Memanen Rindu di Taman Seribu Lampu

Memanen Rindu di Taman Seribu Lampu
Oleh: Joyo Juwoto

Taman seribu lampu yang baru saja saya kunjungi berada di kota Cepu. Sebuah kota tua yang menjadi bagian dari kabupaten Blora. Kota Cepu terkenal sebagai salah satu kota minyak di Indonesia, ada Pertamina yang beroperasi di sana, ada juga tambang tradisional yang cukup melegenda.

Di jantung kota Cepu ada sebuah taman, orang-orang menyebutnya sebagai taman seribu lampu. Walau saya sebenarnya tidak yakin, benar-benar ada seribu lampu di sana. Sebagaimana kita kenal Lawang sewu, pecel lele, yang ternyata juga tidak mewakili nama dan  identitas  yang diberikan.

Tapi tak apalah, tak semua nama harus mewakili sebuah identitas. Nama apapun boleh dan bisa diberikan, dengan suka-suka kita saja. Tidak ada undang-undang yang melarang atau memerintahkan untuk itu.

Kota Cepu cukup melegenda, dari kota ini terlahir banyak tokoh besar dan kontroversial. Pada masa akhir Kerajaan Demak ada tokoh "antagonis" Arya Penangsang, pada masa kolonial Belanda ada tokoh Pers Tirto Adi Suryo, konon Kartosoewirjo DI TII juga terlahir dari kota minyak ini. Apa benar yang dikatakan oleh Pram, bahwa dulu padepokan Mpu Barada juga di Cepu. Ngloram yang sekarang. Jika tesis Pram benar tentang Ngloram benar, berarti usia kota Cepu cukup tua.

Selain terhubung dengan era kerajaan Kahuripan pada masa Raja Airlangga wilayah Cepu juga terhubung dengan era kerajaan Jipang Panolan era Pangeran Benawa yang cukup fenomenal. Banyak folklor yang tersebar di masyarakat yang berhubungan dengan putra dari Sultan Hadiwijaya ini. Di Kec. Jiken sebelah barat kota Cepu ada Maqam  Pangeran Jatikusuma dan Jatiswara, di Balun juga disinyalir ada Maqam Pangeran Anom (Pangeran Panjaringan). Kesemuanya adalah adik-adik dari Pangeran Benawa.

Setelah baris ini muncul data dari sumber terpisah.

text \<open>If every edge at w outside C went to v,
  these N edges would give w valency 2 + |N| but v valency at least 2 + 2 + |N|.\<close>
lemma far_edge_exists:
  assumes fin: "finite E" and CE: "C \<subseteq> E" and v_ne_w: "v \<noteq> w"
    and cycle_v: "valency_in G C v = 2" and cycle_w: "valency_in G C w = 2"
    and loop: "l \<in> E - C" "ends G l = (v, v)"
    and equal: "valency_in G E v = valency_in G E w"
  shows "\<exists>h\<in>E - C. (fst (ends G h) = w \<or> snd (ends G h) = w) \<and> other_end G h w \<noteq> v"
proof (rule ccontr)
  assume none: "\<not> ?thesis"
  define N where "N = {x \<in> E - C. fst (ends G x) = w \<or> snd (ends G x) = w}"
  have fin_C: "finite C" and fin_N: "finite N"
    using fin CE finite_subset unfolding N_def by auto
  have N_ends: "ends G x = (w, v) \<or> ends G x = (v, w)" if "x \<in> N" for x
  proof -
    have "other_end G x w = v" using that none unfolding N_def by auto
    then show ?thesis using that unfolding N_def other_end_def
      by (cases "ends G x") (auto split: if_splits)
  qed
  have N_w: "incidence G x w = 1" and N_v: "incidence G x v = 1" if "x \<in> N" for x
    using N_ends[OF that] v_ne_w unfolding incidence_def by fastforce+
  have "valency_in G E w = (\<Sum>x\<in>E - C. incidence G x w) + (\<Sum>x\<in>C. incidence G x w)"
    unfolding valency_in_sum[OF fin] by (rule sum.subset_diff[OF CE fin])
  also have "(\<Sum>x\<in>E - C. incidence G x w) = (\<Sum>x\<in>N. incidence G x w)"
    by (rule sum.mono_neutral_right) (use fin in \<open>auto simp: N_def incidence_def\<close>)
  also have "\<dots> = card N" using N_w by simp
  finally have val_w: "valency_in G E w = card N + 2"
    using cycle_w by (simp add: valency_in_sum[OF fin_C])
  have l_N: "l \<notin> N" and disjoint: "C \<inter> insert l N = {}" and sub: "C \<union> insert l N \<subseteq> E"
    using loop v_ne_w CE unfolding N_def by auto
  have "(\<Sum>x\<in>C. incidence G x v) + (incidence G l v + (\<Sum>x\<in>N. incidence G x v))
      = (\<Sum>x\<in>C. incidence G x v) + (\<Sum>x\<in>insert l N. incidence G x v)"
    using fin_N l_N by simp
  also have "\<dots> = (\<Sum>x\<in>C \<union> insert l N. incidence G x v)"
    using fin_N by (intro sum.union_disjoint[OF fin_C _ disjoint, symmetric]) simp
  also have "\<dots> \<le> (\<Sum>x\<in>E. incidence G x v)" using sub fin by (intro sum_mono2) auto
  finally have "(\<Sum>x\<in>C. incidence G x v) + (incidence G l v + (\<Sum>x\<in>N. incidence G x v))
      \<le> (\<Sum>x\<in>E. incidence G x v)" .
  moreover have "(\<Sum>x\<in>N. incidence G x v) = card N" using N_v by simp
  moreover have "incidence G l v = 2" using loop unfolding incidence_def by simp
  ultimately show False
    using val_w equal cycle_v by (simp add: valency_in_sum[OF fin] valency_in_sum[OF fin_C])
qed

Apa yang saya ulas ini, dalam catatan sejarah nasional sepertinya tidak ada. Saya mendapatkan informasinya tentang keluarga Pangeran Benawa ini dari foklore yang ditulis oleh Mbah JFX. Hoery sastrawan bahasa Jawa dari Bojonegoro. Bukunya Mbah Hoery berjudul Wulu Domba Pancal Panggung, berbahasa Jawa.

Itulah beberapa hal yang saya panen saat saya berkunjung di Taman Seribu Lampu. Memanen seribu rindu terhadap kenangan dan sejarah masa silam. Dan masih banyak kebun kenangan yang kutanami bibit rindu yang nantinya kupanen pada lembaran-lembaran di masa depan.